When appeal was first taken to this Court, plaintiff moved to remand, alleging that the word "not” was mistakenly omitted from the trial transcript. Plaintiff’s motion was granted and at the hearing on remand October 24, 1975, an affidavit by the court reporter was admitted in evidence stating that the word "not” was mistakenly omitted from the trial transcript. The court reporter was not present at the hearing on remand and the reporter’s notes were not offered in evidence.
I.
Did the trial court’s consideration of a stenographer’s affidavit at a hearing for the amendment of the trial transcript violate defendant’s right to confront the witnesses against him, violate the best evidence rule and rules relating to refreshment of a witness’s memory and the introduction of a past recollection recorded, and was the affidavit inadmissible hearsay?
The question posed above compels a discussion of the proper procedure to be employed for correcting alleged errors in a trial transcript. Basically, the issue raised is whether a court reporter’s
ex parte
affidavit may be used to make changes in the transcript. It is well settled that a record on appeal may not be
supplemented
by
ex parte
affidavits,
Dora v Lesinski,
351 Mich 579; 88 NW2d 592 (1958). Does the otherwise inadmissible ex
parte
affidavit somehow attain dignity and become admissible because it is presented at a hearing? We think not. The affidavit, even though introduced at a formal court hearing, remains an out-of-court statement used to prove the truth of the matter asserted therein. As such it is hearsay not falling within any of the recognized exceptions to inadmissibility. In her affidavit, the court reporter stated that after examining her original notes and listening to a tape recording of the dictation she determined the word "not” had been omitted. If a witness’s memory is refreshed upon examination of a writing, the witness may be cross-examined. If the witness’s memory is not refreshed by perusal of a writing, the writing itself may be admitted after a proper foundation is laid. In the instant case neither the witness nor the writing (original notes) were available.
Although the procedure employed was error and should be avoided in future cases where correction of a record is at issue, we find the error harmless. GCR 1963, 529.1, MCLA 769.26; MSA 28.1096. Our examination of the transcript of the hearing on the correction of the record discloses that the trial judge was less influenced by the stenographer’s affidavit than he was by examination of his own notes and his own independent recollection. In ordering the amendment the trial judge expressly relied upon his own memory and notes.
It is
totally obvious that in this case the court would have arrived at the same conclusion even if the stenographer had been present and even if the original notes had been available for examination. Such being the case we cannot say that admission of the affidavit was prejudicial.
II.
Did the trial court err in finding that the movement of the filling station attendant was not merely incidental to the underlying crime of armed robbery but was independently significant thus allowing defendant to be convicted of both armed robbery and kidnapping?

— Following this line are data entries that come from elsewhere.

lemma L2_G_odd_poly:
  fixes j :: int
  defines "g \<equiv> G_poly (2 * j + 1)" and "h \<equiv> I_poly j" and "c \<equiv> of_int (2 * j + 1) / 2"
  shows "[:2 * alpha, 1:] * pcompose g [:2, 1:] + pcompose g [:2, 1:] - pcompose [:2 * alpha, 1:] [:c, 1:] * g
    = smult (1 - c) (h + g - pcompose h [:2, 1:])"
    (is "?lhs = ?rhs")
proof -
  define La2 where "La2 = lam powi 2"
  have nums: "(2 :: complex) / 2 = 1" "(of_int 2 :: complex) / 2 = 1" "(of_int (2 * 2) :: complex) / 2 = 2"
    "(of_int 2 :: complex) = 2"
    by simp_all
  have "L 2 (G (2 * j + 1) one) - G (2 * j + 1) (L 2 one) =
      La2 *s Od ([:2 * alpha, 1:] * pcompose g [:2, 1:]) + 1 *s Od (pcompose g [:2, 1:] * [:La2:])
      - La2 *s Od (pcompose [:2 * alpha, 1:] [:c, 1:] * g)"
    by (simp only: G_one_eq[of "2 * j + 1"] g_def[symmetric] L_Od L_Ev G_Ev[of "2 * 2"]
        G_Ev[of "2 * j + 1"] G_poly_even[of 2] L_one linear_scale[OF linear_G] nums
        La2_def[symmetric] Od_def[symmetric] c_def[symmetric] mult.commute[of 2 alpha])
  also have "\<dots> = Od (smult La2 ?lhs)"
    by (simp only: Od_add[symmetric] Od_diff[symmetric] Od_smult[symmetric] Od_eq_iff)
      (simp add: algebra_simps smult_add_right smult_diff_right)
  finally have "Od (smult La2 ?lhs) = (1 - c) *s Od (G_poly (2 * j + 1 + 2 * 2))"
    using L_G_commutator[of 2 "2 * j + 1" one] G_one_eq[of "2 * j + 1 + 2 * 2"] nums c_def by simp
  also have "\<dots> = Od (smult La2 ?rhs)"
    using G_poly_odd_shift[of j 2] by (simp add: Od_smult g_def h_def La2_def mult.commute)
  finally have "smult La2 ?lhs = smult La2 ?rhs"
    by (simp only: Od_eq_iff)
  then show ?thesis
    by (rule smult_cancel[rotated]) (simp add: La2_def lam_nz)
qed

lemma G_poly_odd_const:
  obtains e where "G_poly (2 * j + 1) = [:e:]" and "e ^ 2 = lam powi (2 * j + 1)"
    and "I_poly j = [:- 2 * alpha * e:]"
proof -
  define c :: complex where "c = of_int (2 * j + 1) / 2"
  have odd_ne: "(of_int (2 * j + 1) :: complex) \<noteq> of_int (2 * i)" for i
    by (simp only: of_int_eq_iff) presburger
  have "c \<noteq> 0" "c \<noteq> 1" "c \<noteq> 2"
    using odd_ne[of 0] odd_ne[of 1] odd_ne[of 2] by (auto simp: c_def)
  moreover have "lam powi (2 * j + 1) \<noteq> 0" using lam_nz by simp
  ultimately show ?thesis
    using const_of_odd_identities G_odd_square_poly[of j, folded c_def] L2_G_odd_poly[of j, folded c_def] that
    by blast
qed

lemma G_poly_odd: "G_poly (2 * j + 1) = smult (lam powi j) (G_poly 1)"
proof -
  obtain a where "I_poly 0 = [:a:]" using G_poly_odd_const[of 0] by metis
  then show ?thesis using G_poly_odd_shift[of 0 j] by (simp add: add.commute)
qed

lemma Ev_linear_poly: "Ev [:a, b:] = a *s one + b *s L 0 one"
  unfolding Ev_def by (rule polyop_linear_poly[OF linear_L])

lemma G0_one: "G 0 one = Od 1"
  by (simp add: Od_def Ev_1)

lemma Od_const: "Od [:a:] = a *s G 0 one"
  using Od_smult[of a 1] by (simp add: Od_def Ev_1)

lemma action_on_one:
  obtains e where "e ^ 2 = lam"
    and "\<And>k. G k one = (lam powi (k div 2) * (if even k then 1 else e)) *s G 0 one"
    and "\<And>j. G (2 * j + 1) (G 0 one) =
      - ((lam powi j * e) *s (L 0 one + (of_int (2 * j + 1) * alpha) *s one))"
    and "\<And>j. I j one = (- 2 * alpha * (lam powi j * e)) *s one"
proof -
  obtain e where G1: "G_poly 1 = [:e:]" and "e ^ 2 = lam"
    using G_poly_odd_const[of 0] by auto
  have G_odd: "G_poly (2 * j + 1) = [:lam powi j * e:]" for j
    by (simp add: G_poly_odd G1)
  have I_poly: "I_poly j = [:- 2 * alpha * (lam powi j * e):]" for j
    using G_poly_odd_const[of j] G_odd[of j] by auto
  have "G k one = (lam powi (k div 2) * (if even k then 1 else e)) *s G 0 one" for k
  proof (cases "even k")
    case True
    then show ?thesis using G_one_eq[of k] G_poly_even[of "k div 2"] by (simp add: Od_const)
  next
    case False
    then have "k = 2 * (k div 2) + 1" by presburger
    then show ?thesis using G_one_eq[of k] G_odd[of "k div 2"] False by (metis Od_const mult.commute)
  qed
  moreover have "G (2 * j + 1) (G 0 one) =
      - ((lam powi j * e) *s (L 0 one + (of_int (2 * j + 1) * alpha) *s one))" for j
  proof -
    have coeffs: "smult (of_int (2 * j + 1) / 2) (I_poly j) - [:0, 1:] * G_poly (2 * j + 1) =
        [:- (lam powi j * e) * (of_int (2 * j + 1) * alpha), - (lam powi j * e):]"
      unfolding I_poly G_odd by (simp add: field_simps)
    have "G (2 * j + 1) (G 0 one) =
        Ev (smult (of_int (2 * j + 1) / 2) (I_poly j) - [:0, 1:] * G_poly (2 * j + 1))"
      by (simp only: G0_one G_odd_Od Ev_1 I_one_eq G_one_eq[of "2 * j + 1"] G0_Od Ev_smult Ev_diff)
    then show ?thesis by (simp only: coeffs Ev_linear_poly) (simp add: scale_right_distrib)
  qed
  moreover have "I j one = (- 2 * alpha * (lam powi j * e)) *s one" for j
    using Ev_linear_poly[of _ 0] by (simp add: I_one_eq I_poly)
  ultimately show ?thesis using that \<open>e ^ 2 = lam\<close> by blast
qed

lemma action_on_one_signed:
  assumes mu_sqrt: "mu ^ 2 = lam"
  obtains s :: complex where "s = 1 \<or> s = - 1"
    and "\<forall>j k. G k one = (s ^ nat \<bar>k\<bar> * mu powi k) *s G 0 one \<and>
      G (2 * j + 1) (G 0 one) =
        - ((s * mu powi (2 * j + 1)) *s (L 0 one + (of_int (2 * j + 1) * alpha) *s one)) \<and>
      I j one = (- 2 * s * mu powi (2 * j + 1) * alpha) *s one"
proof -
  obtain e where "e ^ 2 = lam"
    and G_one: "\<And>k. G k one = (lam powi (k div 2) * (if even k then 1 else e)) *s G 0 one"
    and G_odd_G0: "\<And>j. G (2 * j + 1) (G 0 one) =
      - ((lam powi j * e) *s (L 0 one + (of_int (2 * j + 1) * alpha) *s one))"
    and I_one: "\<And>j. I j one = (- 2 * alpha * (lam powi j * e)) *s one"
    using action_on_one by blast
  have "mu \<noteq> 0" using mu_sqrt lam_nz by auto
  then have mu_powi: "mu powi k = lam powi (k div 2) * (if even k then 1 else mu)" for k
    using power_int_eq_square_power_int_div_2[of mu k] unfolding mu_sqrt by blast
  have mu_powi_odd: "mu powi (2 * j + 1) = lam powi j * mu" for j
    using mu_powi[of "2 * j + 1"] by simp
  define s where "s = e / mu"
  have e: "e = s * mu" using \<open>mu \<noteq> 0\<close> by (simp add: s_def)
  have "e = mu \<or> e = - mu"
    using power2_eq_iff[of e mu] \<open>e ^ 2 = lam\<close> mu_sqrt by simp
  then have s: "s = 1 \<or> s = - 1" using \<open>mu \<noteq> 0\<close> by (auto simp: s_def)
  then have s_power: "s ^ nat \<bar>k\<bar> = (if even k then 1 else s)" for k
    by (auto simp: neg_one_power_nat_abs)
  show ?thesis
  proof (rule that[OF s], intro allI conjI)
    fix j k :: int
    show "G k one = (s ^ nat \<bar>k\<bar> * mu powi k) *s G 0 one"
      using G_one[of k] by (simp add: e s_power mu_powi[of k] mult_ac)
    show "G (2 * j + 1) (G 0 one) =
        - ((s * mu powi (2 * j + 1)) *s (L 0 one + (of_int (2 * j + 1) * alpha) *s one))"
      unfolding mu_powi_odd using G_odd_G0[of j] by (simp add: e mult_ac)
    show "I j one = (- 2 * s * mu powi (2 * j + 1) * alpha) *s one"
      unfolding mu_powi_odd using I_one[of j] by (simp add: e mult_ac)
  qed
qed
lemma Hexp_poly_inj:
  fixes n k :: nat and \<beta> :: "'a::field"
  assumes k: "k \<ge> 1" and tne: "\<forall>j\<in>{1..n + k}. 1 + \<beta> * t j \<noteq> 0"
    and eq: "Hexp_poly \<beta> t n k \<delta> h = Hexp_poly \<beta> t n k \<delta> h'" and r: "r \<in> {1..k}"
  shows "h r = h' r"
proof -
  define e where "e i = (h (k - i) - h' (k - i)) / (1 + \<beta> * t (n + (k - i)))" for i
  let ?Q = "\<lambda>h. \<Sum>r\<in>{1..k}. smult (h r / (1 + \<beta> * t (n + r))) (tpoch_poly \<beta> t (n + k) (k - r))"
  have "[:1, \<beta>:] * ?Q h = [:1, \<beta>:] * ?Q h'" using eq unfolding Hexp_poly_def by simp
  then have "?Q h - ?Q h' = 0" by (subst (asm) mult_cancel_left) simp
  moreover have "?Q h - ?Q h' = (\<Sum>r\<in>{1..k}. (\<lambda>i. smult (e i) (tpoch_poly \<beta> t (n + k) i)) (k - r))"
    unfolding sum_subtractf[symmetric]
    by (intro sum.cong) (auto simp: e_def diff_divide_distrib smult_diff_left)
  ultimately have "(\<Sum>i\<le>k - 1. smult (e i) (tpoch_poly \<beta> t (n + k) i)) = 0"
    using sum_reverse_atLeast1[OF k, of "\<lambda>i. smult (e i) (tpoch_poly \<beta> t (n + k) i)"] by simp
  then have "e (k - r) = 0"
    using degree_basis_independent[OF tpoch_poly_degree_basis[OF tne, of "k - 1"]] r by auto
  moreover have "k - (k - r) = r" "1 + \<beta> * t (n + r) \<noteq> 0" using tne r by auto
  ultimately show ?thesis by (simp add: e_def)
qed
(* Let $n\geq 4$ and $m\geq 1$ be integers, let $K$ be an infinite field, and let $p(x_1,\ldots,x_m)\in K\langle x_1,\ldots,x_m\rangle$ be a noncommutative polynomial with zero constant term such that $\mathrm{ord}(p)=n-2$. Then $p(T_n(K))=T_n(K)^{(n-3)}$.
   Context: $T_n(K)$ denotes the algebra of $n\times n$ upper triangular matrices over $K$; $T_n(K)^{(t)}$ denotes the set of upper triangular matrices whose $(i,j)$ entries vanish whenever $j-i\leq t$ (so $T_n(K)^{(n-3)}$ consists of the matrices supported on the positions $(1,n-1),(2,n),(1,n)$). $p(T_n(K))=\{p(a_1,\ldots,a_m):a_i\in T_n(K)\}$. The order $\mathrm{ord}(p)$ is the least positive integer $r$ with $p(T_r(K))=\{0\}$ but $p(T_{r+1}(K))\neq\{0\}$ (with $T_1(K)=K$). *)

theory Defs
  imports Main
begin

text \<open>Square matrices of variable size r are represented as functions
  nat => nat => 'a (0-indexed), required to vanish outside {0..<r} x {0..<r}.\<close>

type_synonym 'a sqmat = "nat \<Rightarrow> nat \<Rightarrow> 'a"

definition mat_mul :: "nat \<Rightarrow> 'a::comm_ring_1 sqmat \<Rightarrow> 'a sqmat \<Rightarrow> 'a sqmat" where
  "mat_mul r A B = (\<lambda>i j. if i < r \<and> j < r then (\<Sum>k<r. A i k * B k j) else 0)"

definition mat_one :: "nat \<Rightarrow> 'a::comm_ring_1 sqmat" where
  "mat_one r = (\<lambda>i j. if i < r \<and> j < r \<and> i = j then 1 else 0)"

definition mat_zero :: "'a::comm_ring_1 sqmat" where
  "mat_zero = (\<lambda>i j. 0)"

definition upper_tri :: "nat \<Rightarrow> 'a::comm_ring_1 sqmat set" where
  "upper_tri r = {A. \<forall>i j. (r \<le> i \<or> r \<le> j \<or> j < i) \<longrightarrow> A i j = 0}"

definition upper_tri_t :: "nat \<Rightarrow> nat \<Rightarrow> 'a::comm_ring_1 sqmat set" where
  "upper_tri_t r t = {A \<in> upper_tri r. \<forall>i j. j \<le> i + t \<longrightarrow> A i j = 0}"

text \<open>Noncommutative polynomials in K<x_0,...,x_(m-1)>: a coefficient function on
  words (lists of variable indices) with finite support, all letters < m.\<close>
definition nc_poly :: "nat \<Rightarrow> (nat list \<Rightarrow> 'a::comm_ring_1) \<Rightarrow> bool" where
  "nc_poly m c \<longleftrightarrow> finite {w. c w \<noteq> 0} \<and> (\<forall>w. c w \<noteq> 0 \<longrightarrow> (\<forall>x\<in>set w. x < m))"

fun word_eval :: "nat \<Rightarrow> (nat \<Rightarrow> 'a::comm_ring_1 sqmat) \<Rightarrow> nat list \<Rightarrow> 'a sqmat" where
  "word_eval r a [] = mat_one r"
| "word_eval r a (x # w) = mat_mul r (a x) (word_eval r a w)"

definition nc_eval :: "nat \<Rightarrow> (nat list \<Rightarrow> 'a::comm_ring_1) \<Rightarrow> (nat \<Rightarrow> 'a sqmat) \<Rightarrow> 'a sqmat" where
  "nc_eval r c a = (\<lambda>i j. \<Sum>w\<in>{w. c w \<noteq> 0}. c w * word_eval r a w i j)"

definition poly_image :: "nat \<Rightarrow> (nat list \<Rightarrow> 'a::comm_ring_1) \<Rightarrow> nat \<Rightarrow> 'a sqmat set" where
  "poly_image m c r = {nc_eval r c a | a. \<forall>i<m. a i \<in> upper_tri r}"

definition has_ord :: "nat \<Rightarrow> (nat list \<Rightarrow> 'a::comm_ring_1) \<Rightarrow> nat \<Rightarrow> bool" where
  "has_ord m c s \<longleftrightarrow>
     (0 < s \<and> poly_image m c s = {mat_zero} \<and> poly_image m c (Suc s) \<noteq> {mat_zero}) \<and>
     (\<forall>r. 0 < r \<and> r < s \<longrightarrow> \<not> (poly_image m c r = {mat_zero} \<and> poly_image m c (Suc r) \<noteq> {mat_zero}))"

end

theory Submission
  imports Defs "HOL-Computational_Algebra.Polynomial"
begin

text \<open>Let s = n - 2. Restriction to a diagonal block of size s is multiplicative on upper
  triangular matrices, so p(T_s) = 0 kills every entry of p(T_n) lying in such a block, i.e. on
  the first s diagonals; only the three entries of T_n^(n-3) survive. Conversely p(T_(s+1)) \<noteq> 0
  yields a value \<alpha> E_(1,s+1), and embedding T_(s+1) into T_(s+2) along the increasing maps that
  omit one index produces \<alpha> times each of the three matrix units of T_n^(n-3). The image of p is
  stable under conjugation by invertible upper triangular matrices: diagonal ones rescale the
  three entries, transvections add multiples of the first two entries to the corner entry.
  This reaches everything once a value with both of the first two entries nonzero is found,
  which an infinite field provides.\<close>

lemma mat_mul_eq_0_outside: "\<not> (i < r \<and> j < r) \<Longrightarrow> mat_mul r A B i j = 0"
  by (auto simp: mat_mul_def)

lemma mat_mul_assoc: "mat_mul r (mat_mul r A B) C = mat_mul r A (mat_mul r B C)"
proof (intro ext)
  fix i j
  show "mat_mul r (mat_mul r A B) C i j = mat_mul r A (mat_mul r B C) i j"
  proof (cases "i < r \<and> j < r")
    case True
    have "mat_mul r (mat_mul r A B) C i j = (\<Sum>l<r. \<Sum>k<r. A i k * B k l * C l j)"
      using True by (auto simp: mat_mul_def sum_distrib_right intro!: sum.cong)
    also have "\<dots> = (\<Sum>k<r. \<Sum>l<r. A i k * B k l * C l j)"
      by (rule sum.swap)
    also have "\<dots> = mat_mul r A (mat_mul r B C) i j"
      using True by (auto simp: mat_mul_def sum_distrib_left mult.assoc intro!: sum.cong)
    finally show ?thesis .
  qed (simp add: mat_mul_eq_0_outside)
qed

lemma mat_mul_one_right: "mat_mul r A (mat_one r) = (\<lambda>i j. if i < r \<and> j < r then A i j else 0)"
  by (auto simp: mat_mul_def mat_one_def if_distrib cong: if_cong intro!: ext)

lemma mat_mul_one_left: "mat_mul r (mat_one r) A = (\<lambda>i j. if i < r \<and> j < r then A i j else 0)"
  by (auto simp: mat_mul_def mat_one_def if_distrib if_distribR cong: if_cong intro!: ext)

lemma mat_mul_sum_right:
  "mat_mul r A (\<lambda>i j. \<Sum>w\<in>S. f w * M w i j) = (\<lambda>i j. \<Sum>w\<in>S. f w * mat_mul r A (M w) i j)"
  by (auto simp: mat_mul_def sum_distrib_left mult.left_commute intro!: ext sum.swap)

lemma mat_mul_sum_left:
  "mat_mul r (\<lambda>i j. \<Sum>w\<in>S. f w * M w i j) A = (\<lambda>i j. \<Sum>w\<in>S. f w * mat_mul r (M w) A i j)"
  by (auto simp: mat_mul_def sum_distrib_left sum_distrib_right mult.assoc intro!: ext sum.swap)

lemma upper_triD: "A \<in> upper_tri r \<Longrightarrow> r \<le> i \<or> r \<le> j \<or> j < i \<Longrightarrow> A i j = 0"
  unfolding upper_tri_def by blast

lemma mat_mul_upper_tri:
  assumes A: "A \<in> upper_tri r" and B: "B \<in> upper_tri r"
  shows "mat_mul r A B \<in> upper_tri r"
  unfolding upper_tri_def
proof clarify
  fix i j assume ij: "r \<le> i \<or> r \<le> j \<or> j < i"
  have "A i k * B k j = 0" if "j < i" for k
    using upper_triD[OF A, of i k] upper_triD[OF B, of k j] that by (cases "k < i") auto
  then show "mat_mul r A B i j = 0"
    using ij by (auto simp: mat_mul_def)
qed

lemma mat_one_upper_tri: "mat_one r \<in> upper_tri r"
  by (auto simp: upper_tri_def mat_one_def)

lemma word_eval_upper_tri: "\<forall>x\<in>set w. a x \<in> upper_tri r \<Longrightarrow> word_eval r a w \<in> upper_tri r"
  by (induction w) (auto intro: mat_mul_upper_tri mat_one_upper_tri)

lemma nc_eval_upper_tri:
  assumes "nc_poly m c" "\<forall>k<m. a k \<in> upper_tri r"
  shows "nc_eval r c a \<in> upper_tri r"
  unfolding upper_tri_def nc_eval_def
proof clarify
  fix i j assume ij: "r \<le> i \<or> r \<le> j \<or> j < i"
  have "word_eval r a w i j = 0" if "c w \<noteq> 0" for w
    using assms that ij by (intro upper_triD[OF word_eval_upper_tri]) (auto simp: nc_poly_def)
  then show "(\<Sum>w | c w \<noteq> 0. c w * word_eval r a w i j) = 0"
    by simp
qed

lemma nc_eval_in_poly_image: "\<forall>k<m. a k \<in> upper_tri r \<Longrightarrow> nc_eval r c a \<in> poly_image m c r"
  unfolding poly_image_def by blast

lemma mat_zero_in_poly_image:
  assumes "c [] = 0"
  shows "mat_zero \<in> poly_image m c r"
proof -
  have "c w * word_eval r (\<lambda>_. mat_zero) w i j = 0" for w i j
    using assms by (cases w) (auto simp: mat_mul_def mat_zero_def)
  then have "nc_eval r c (\<lambda>_. mat_zero) = mat_zero"
    by (simp add: nc_eval_def mat_zero_def)
  moreover have "mat_zero \<in> upper_tri r"
    by (simp add: upper_tri_def mat_zero_def)
  ultimately show ?thesis
    using nc_eval_in_poly_image[of m "\<lambda>_. mat_zero" r c] by metis
qed

definition diag_block :: "nat \<Rightarrow> nat \<Rightarrow> 'a::comm_ring_1 sqmat \<Rightarrow> 'a sqmat" where
  "diag_block L s A = (\<lambda>i j. if i < s \<and> j < s then A (i + L) (j + L) else 0)"

lemma diag_block_upper_tri: "A \<in> upper_tri r \<Longrightarrow> diag_block L s A \<in> upper_tri s"
  by (auto simp: upper_tri_def diag_block_def)

lemma mat_mul_diag_block:
  assumes A: "A \<in> upper_tri r" and B: "B \<in> upper_tri r" and "L + s \<le> r" "i < s" "j < s"
  shows "mat_mul r A B (i + L) (j + L) = (\<Sum>l<s. A (i + L) (l + L) * B (l + L) (j + L))"
proof -
  have "mat_mul r A B (i + L) (j + L) = (\<Sum>l<r. A (i + L) l * B l (j + L))"
    using assms by (simp add: mat_mul_def)
  also have "\<dots> = (\<Sum>l\<in>{L..<L + s}. A (i + L) l * B l (j + L))"
  proof (rule sum.mono_neutral_right)
    show "\<forall>l\<in>{..<r} - {L..<L + s}. A (i + L) l * B l (j + L) = 0"
      using upper_triD[OF A, of "i + L"] upper_triD[OF B, of _ "j + L"] \<open>j < s\<close> by force
  qed (use assms in auto)
  also have "\<dots> = (\<Sum>l<s. A (i + L) (l + L) * B (l + L) (j + L))"
    using sum.shift_bounds_nat_ivl[of "\<lambda>l. A (i + L) l * B l (j + L)" 0 L s]
    by (simp add: atLeast0LessThan add.commute)
  finally show ?thesis .
qed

In this superbly briefed and argued cause the parties sharply disagree whether the record contains sufficient evidence of asportation as defined in
People v Adams,
389 Mich 222; 205 NW2d 415 (1973), to justify the conviction of kidnapping. Defendant contends that the only evidence of asportation was the movement of Protasiewicz a mere quarter of a mile while defendant and Miss McDonald were engaged in the "getaway” phase of the robbery. This, says defendant, was action taken to effect an escape from the scene of the robbery and for no other reason. Consequently, defendant concludes, the prosecution failed to
show that a movement of the attendant — the controlling element of a kidnapping charge — was conduct unrelated to the armed robbery. Defendant rejects the argument that the
Adams
opinion applies only to situations where the alleged kidnapping occurs in conjunction with a lesser crime rather than in conjunction with another capital offense, as in the instant case.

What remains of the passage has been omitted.